Record excerpts section start

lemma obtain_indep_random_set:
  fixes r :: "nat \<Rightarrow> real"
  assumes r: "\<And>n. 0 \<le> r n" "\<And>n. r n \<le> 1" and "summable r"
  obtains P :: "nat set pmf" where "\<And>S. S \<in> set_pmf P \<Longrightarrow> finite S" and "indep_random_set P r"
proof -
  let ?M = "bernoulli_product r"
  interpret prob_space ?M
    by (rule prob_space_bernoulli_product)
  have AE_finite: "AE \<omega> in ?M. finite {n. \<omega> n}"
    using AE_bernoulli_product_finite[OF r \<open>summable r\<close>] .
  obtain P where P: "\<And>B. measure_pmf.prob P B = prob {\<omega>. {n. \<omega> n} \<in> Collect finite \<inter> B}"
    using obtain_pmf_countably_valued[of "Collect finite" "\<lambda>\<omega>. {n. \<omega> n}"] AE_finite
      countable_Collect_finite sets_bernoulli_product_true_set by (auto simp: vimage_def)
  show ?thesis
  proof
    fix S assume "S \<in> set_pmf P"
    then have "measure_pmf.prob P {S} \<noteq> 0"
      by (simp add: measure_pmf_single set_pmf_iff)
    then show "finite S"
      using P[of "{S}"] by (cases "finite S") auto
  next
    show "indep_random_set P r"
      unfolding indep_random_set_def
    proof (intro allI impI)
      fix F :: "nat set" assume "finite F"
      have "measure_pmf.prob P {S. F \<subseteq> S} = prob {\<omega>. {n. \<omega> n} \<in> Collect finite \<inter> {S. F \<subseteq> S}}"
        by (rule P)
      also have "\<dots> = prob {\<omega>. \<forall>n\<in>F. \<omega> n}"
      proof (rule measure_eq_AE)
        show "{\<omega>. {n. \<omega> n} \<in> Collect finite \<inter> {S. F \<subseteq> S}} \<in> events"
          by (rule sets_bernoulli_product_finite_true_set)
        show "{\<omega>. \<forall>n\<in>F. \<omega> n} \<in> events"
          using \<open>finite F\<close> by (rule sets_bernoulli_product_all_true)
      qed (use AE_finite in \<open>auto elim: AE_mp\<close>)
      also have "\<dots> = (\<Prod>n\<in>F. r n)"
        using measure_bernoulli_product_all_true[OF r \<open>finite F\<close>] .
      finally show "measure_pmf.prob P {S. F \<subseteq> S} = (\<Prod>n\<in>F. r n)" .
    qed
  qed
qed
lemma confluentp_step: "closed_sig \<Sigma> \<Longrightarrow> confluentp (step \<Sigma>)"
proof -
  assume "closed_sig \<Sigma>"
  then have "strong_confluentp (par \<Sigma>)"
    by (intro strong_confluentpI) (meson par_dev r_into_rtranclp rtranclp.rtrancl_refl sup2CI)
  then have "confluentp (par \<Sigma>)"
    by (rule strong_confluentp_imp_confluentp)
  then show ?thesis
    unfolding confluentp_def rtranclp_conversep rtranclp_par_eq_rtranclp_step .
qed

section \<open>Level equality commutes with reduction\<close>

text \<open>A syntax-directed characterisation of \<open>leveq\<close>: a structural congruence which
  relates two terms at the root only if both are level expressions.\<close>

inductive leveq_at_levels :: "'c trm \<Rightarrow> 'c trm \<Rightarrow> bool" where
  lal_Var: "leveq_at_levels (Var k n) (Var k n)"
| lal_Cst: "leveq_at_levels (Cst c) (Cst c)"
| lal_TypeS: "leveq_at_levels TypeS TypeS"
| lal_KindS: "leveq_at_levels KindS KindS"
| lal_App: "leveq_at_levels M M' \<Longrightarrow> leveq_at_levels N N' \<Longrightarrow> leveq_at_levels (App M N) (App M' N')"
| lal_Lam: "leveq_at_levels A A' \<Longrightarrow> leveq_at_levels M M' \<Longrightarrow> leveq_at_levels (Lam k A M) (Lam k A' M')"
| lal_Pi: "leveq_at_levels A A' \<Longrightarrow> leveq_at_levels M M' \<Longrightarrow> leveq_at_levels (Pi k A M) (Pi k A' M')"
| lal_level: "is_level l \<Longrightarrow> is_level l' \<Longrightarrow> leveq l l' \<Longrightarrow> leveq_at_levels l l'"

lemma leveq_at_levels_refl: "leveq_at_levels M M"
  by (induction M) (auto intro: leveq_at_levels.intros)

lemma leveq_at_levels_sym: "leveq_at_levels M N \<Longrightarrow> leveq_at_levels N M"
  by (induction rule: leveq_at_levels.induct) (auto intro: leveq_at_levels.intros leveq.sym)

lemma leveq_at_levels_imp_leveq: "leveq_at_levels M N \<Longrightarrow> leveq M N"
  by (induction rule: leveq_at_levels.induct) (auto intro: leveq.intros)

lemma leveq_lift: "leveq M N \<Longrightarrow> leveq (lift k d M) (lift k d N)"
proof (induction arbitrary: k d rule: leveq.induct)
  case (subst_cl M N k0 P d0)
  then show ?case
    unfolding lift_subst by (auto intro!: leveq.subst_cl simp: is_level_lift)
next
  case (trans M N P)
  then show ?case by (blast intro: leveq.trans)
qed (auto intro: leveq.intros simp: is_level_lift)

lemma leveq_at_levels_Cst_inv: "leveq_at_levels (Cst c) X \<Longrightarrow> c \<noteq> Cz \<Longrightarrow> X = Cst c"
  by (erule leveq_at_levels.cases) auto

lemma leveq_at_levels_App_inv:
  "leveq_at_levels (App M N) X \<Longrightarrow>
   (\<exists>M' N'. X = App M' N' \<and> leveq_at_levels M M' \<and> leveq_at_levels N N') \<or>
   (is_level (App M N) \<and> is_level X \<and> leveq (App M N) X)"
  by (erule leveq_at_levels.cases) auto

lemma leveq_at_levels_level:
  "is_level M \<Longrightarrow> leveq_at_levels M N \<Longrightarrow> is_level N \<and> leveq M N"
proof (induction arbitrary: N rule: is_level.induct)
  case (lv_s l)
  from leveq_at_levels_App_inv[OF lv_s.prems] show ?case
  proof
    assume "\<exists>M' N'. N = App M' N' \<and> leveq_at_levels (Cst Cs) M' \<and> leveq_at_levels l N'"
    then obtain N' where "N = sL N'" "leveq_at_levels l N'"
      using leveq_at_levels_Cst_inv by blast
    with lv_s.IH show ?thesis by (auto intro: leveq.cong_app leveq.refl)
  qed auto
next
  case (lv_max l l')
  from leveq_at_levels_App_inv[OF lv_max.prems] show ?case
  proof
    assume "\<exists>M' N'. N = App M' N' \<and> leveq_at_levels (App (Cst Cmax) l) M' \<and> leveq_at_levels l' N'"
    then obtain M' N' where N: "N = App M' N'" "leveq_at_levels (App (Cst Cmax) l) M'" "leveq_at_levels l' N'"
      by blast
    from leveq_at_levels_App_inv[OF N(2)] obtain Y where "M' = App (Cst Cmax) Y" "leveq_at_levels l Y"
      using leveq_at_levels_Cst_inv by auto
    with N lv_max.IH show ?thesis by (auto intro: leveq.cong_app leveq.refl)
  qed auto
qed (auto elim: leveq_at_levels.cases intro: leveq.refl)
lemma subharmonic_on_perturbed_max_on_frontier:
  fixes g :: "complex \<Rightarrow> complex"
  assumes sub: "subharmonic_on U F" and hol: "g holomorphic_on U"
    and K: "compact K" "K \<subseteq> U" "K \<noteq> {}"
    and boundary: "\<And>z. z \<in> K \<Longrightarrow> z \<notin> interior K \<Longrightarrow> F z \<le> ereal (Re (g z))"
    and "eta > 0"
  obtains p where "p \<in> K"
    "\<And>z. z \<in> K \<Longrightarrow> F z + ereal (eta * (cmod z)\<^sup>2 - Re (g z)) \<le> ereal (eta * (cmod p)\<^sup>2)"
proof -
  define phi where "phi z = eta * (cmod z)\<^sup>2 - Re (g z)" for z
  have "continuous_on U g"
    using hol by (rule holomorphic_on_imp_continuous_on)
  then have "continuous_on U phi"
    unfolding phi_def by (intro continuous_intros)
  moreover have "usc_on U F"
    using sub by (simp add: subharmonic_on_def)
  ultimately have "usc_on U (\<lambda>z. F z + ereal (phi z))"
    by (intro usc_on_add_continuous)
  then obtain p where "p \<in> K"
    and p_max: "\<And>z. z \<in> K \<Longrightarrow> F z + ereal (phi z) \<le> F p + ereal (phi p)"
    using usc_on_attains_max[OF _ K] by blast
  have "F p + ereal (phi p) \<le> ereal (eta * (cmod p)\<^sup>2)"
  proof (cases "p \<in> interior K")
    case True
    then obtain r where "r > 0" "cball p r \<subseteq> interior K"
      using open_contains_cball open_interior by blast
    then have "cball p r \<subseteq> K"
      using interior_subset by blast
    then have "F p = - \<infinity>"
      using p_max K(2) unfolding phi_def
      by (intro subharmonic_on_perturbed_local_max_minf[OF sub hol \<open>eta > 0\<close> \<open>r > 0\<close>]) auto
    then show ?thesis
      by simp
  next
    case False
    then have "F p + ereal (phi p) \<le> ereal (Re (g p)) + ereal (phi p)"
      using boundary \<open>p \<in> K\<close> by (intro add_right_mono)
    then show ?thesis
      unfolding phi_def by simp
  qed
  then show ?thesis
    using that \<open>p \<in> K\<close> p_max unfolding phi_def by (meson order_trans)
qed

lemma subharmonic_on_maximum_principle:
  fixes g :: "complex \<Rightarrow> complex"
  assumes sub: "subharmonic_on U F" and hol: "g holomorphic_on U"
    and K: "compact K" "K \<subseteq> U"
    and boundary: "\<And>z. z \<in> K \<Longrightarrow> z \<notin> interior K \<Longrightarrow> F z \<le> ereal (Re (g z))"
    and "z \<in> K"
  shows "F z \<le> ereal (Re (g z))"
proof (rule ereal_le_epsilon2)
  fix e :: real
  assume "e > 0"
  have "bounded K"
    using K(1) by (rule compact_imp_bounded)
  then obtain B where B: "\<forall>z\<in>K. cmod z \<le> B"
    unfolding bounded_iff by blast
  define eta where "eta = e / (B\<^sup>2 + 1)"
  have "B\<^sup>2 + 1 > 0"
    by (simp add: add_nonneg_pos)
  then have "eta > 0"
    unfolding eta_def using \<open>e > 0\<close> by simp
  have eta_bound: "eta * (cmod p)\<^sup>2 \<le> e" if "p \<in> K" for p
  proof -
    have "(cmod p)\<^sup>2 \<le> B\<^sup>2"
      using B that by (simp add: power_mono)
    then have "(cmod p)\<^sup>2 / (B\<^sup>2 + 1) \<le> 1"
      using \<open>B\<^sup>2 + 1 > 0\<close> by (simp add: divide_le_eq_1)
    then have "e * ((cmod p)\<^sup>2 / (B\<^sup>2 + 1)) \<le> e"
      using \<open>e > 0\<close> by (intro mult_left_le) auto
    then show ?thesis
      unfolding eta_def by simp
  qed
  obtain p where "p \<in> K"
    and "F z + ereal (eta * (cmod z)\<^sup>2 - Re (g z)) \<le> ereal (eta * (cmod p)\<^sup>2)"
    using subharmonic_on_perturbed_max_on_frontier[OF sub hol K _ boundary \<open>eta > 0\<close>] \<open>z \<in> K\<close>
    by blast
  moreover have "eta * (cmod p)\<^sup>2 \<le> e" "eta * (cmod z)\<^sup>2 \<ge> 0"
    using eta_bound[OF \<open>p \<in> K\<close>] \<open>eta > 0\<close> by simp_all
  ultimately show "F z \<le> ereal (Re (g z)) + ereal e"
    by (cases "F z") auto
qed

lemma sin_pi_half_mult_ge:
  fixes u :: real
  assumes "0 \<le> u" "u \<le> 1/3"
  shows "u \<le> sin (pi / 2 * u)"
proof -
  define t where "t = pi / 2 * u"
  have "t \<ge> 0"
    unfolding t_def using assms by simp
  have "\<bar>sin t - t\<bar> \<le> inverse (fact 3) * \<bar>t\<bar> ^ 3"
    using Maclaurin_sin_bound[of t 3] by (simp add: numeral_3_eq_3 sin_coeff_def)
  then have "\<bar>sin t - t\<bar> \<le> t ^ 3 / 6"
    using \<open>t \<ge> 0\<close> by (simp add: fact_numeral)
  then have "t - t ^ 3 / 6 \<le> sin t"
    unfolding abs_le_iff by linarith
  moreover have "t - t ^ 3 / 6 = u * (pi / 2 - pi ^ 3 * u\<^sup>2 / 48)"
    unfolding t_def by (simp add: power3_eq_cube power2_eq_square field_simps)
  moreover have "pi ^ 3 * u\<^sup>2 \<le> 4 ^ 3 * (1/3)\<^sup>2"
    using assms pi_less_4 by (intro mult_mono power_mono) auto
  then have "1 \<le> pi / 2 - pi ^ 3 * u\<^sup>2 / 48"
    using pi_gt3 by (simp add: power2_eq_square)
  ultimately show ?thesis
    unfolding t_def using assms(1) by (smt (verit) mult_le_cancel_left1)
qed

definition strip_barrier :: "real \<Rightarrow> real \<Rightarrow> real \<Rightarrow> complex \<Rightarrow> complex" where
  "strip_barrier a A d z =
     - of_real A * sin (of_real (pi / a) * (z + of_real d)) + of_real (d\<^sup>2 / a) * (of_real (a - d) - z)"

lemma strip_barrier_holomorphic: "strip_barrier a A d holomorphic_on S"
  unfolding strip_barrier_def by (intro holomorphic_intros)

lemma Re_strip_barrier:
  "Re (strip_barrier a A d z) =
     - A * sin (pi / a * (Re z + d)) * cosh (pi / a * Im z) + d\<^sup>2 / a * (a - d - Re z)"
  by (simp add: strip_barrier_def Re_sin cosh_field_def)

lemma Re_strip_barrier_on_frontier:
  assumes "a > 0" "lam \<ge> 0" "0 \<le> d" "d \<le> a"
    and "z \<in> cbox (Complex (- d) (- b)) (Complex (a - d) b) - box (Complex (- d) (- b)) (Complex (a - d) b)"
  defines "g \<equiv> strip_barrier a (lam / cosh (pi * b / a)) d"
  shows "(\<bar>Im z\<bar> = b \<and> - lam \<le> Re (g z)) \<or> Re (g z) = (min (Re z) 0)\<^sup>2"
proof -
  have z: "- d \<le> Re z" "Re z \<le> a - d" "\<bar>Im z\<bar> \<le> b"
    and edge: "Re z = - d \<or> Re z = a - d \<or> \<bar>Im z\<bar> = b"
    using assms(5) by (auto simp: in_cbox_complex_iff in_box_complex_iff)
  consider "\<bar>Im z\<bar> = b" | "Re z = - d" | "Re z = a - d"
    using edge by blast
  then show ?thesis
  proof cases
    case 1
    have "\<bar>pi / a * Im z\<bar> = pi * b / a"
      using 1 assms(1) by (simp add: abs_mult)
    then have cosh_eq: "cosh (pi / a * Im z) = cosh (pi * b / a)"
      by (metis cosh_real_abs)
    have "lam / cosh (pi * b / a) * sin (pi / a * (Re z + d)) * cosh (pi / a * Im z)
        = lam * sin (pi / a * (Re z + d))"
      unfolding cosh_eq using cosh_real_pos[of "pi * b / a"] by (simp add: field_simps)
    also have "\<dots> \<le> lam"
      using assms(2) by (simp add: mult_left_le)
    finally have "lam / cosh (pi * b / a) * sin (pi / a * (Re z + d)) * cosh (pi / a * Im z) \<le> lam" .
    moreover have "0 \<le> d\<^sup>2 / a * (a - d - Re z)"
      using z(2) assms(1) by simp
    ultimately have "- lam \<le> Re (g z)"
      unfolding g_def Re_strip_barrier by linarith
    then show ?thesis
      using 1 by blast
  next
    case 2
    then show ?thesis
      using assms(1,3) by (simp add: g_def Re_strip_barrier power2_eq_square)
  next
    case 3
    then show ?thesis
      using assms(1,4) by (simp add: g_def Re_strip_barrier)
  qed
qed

Record excerpts section end

Exercise: Of the lines above, extract only those from the line with "l) M' \<and>" to the line with "then obtain p", both included, exactly as written.

Reply:
    assume "\<exists>M' N'. N = App M' N' \<and> leveq_at_levels (App (Cst Cmax) l) M' \<and> leveq_at_levels l' N'"
    then obtain M' N' where N: "N = App M' N'" "leveq_at_levels (App (Cst Cmax) l) M'" "leveq_at_levels l' N'"
      by blast
    from leveq_at_levels_App_inv[OF N(2)] obtain Y where "M' = App (Cst Cmax) Y" "leveq_at_levels l Y"
      using leveq_at_levels_Cst_inv by auto
    with N lv_max.IH show ?thesis by (auto intro: leveq.cong_app leveq.refl)
  qed auto
qed (auto elim: leveq_at_levels.cases intro: leveq.refl)
lemma subharmonic_on_perturbed_max_on_frontier:
  fixes g :: "complex \<Rightarrow> complex"
  assumes sub: "subharmonic_on U F" and hol: "g holomorphic_on U"
    and K: "compact K" "K \<subseteq> U" "K \<noteq> {}"
    and boundary: "\<And>z. z \<in> K \<Longrightarrow> z \<notin> interior K \<Longrightarrow> F z \<le> ereal (Re (g z))"
    and "eta > 0"
  obtains p where "p \<in> K"
    "\<And>z. z \<in> K \<Longrightarrow> F z + ereal (eta * (cmod z)\<^sup>2 - Re (g z)) \<le> ereal (eta * (cmod p)\<^sup>2)"
proof -
  define phi where "phi z = eta * (cmod z)\<^sup>2 - Re (g z)" for z
  have "continuous_on U g"
    using hol by (rule holomorphic_on_imp_continuous_on)
  then have "continuous_on U phi"
    unfolding phi_def by (intro continuous_intros)
  moreover have "usc_on U F"
    using sub by (simp add: subharmonic_on_def)
  ultimately have "usc_on U (\<lambda>z. F z + ereal (phi z))"
    by (intro usc_on_add_continuous)
  then obtain p where "p \<in> K"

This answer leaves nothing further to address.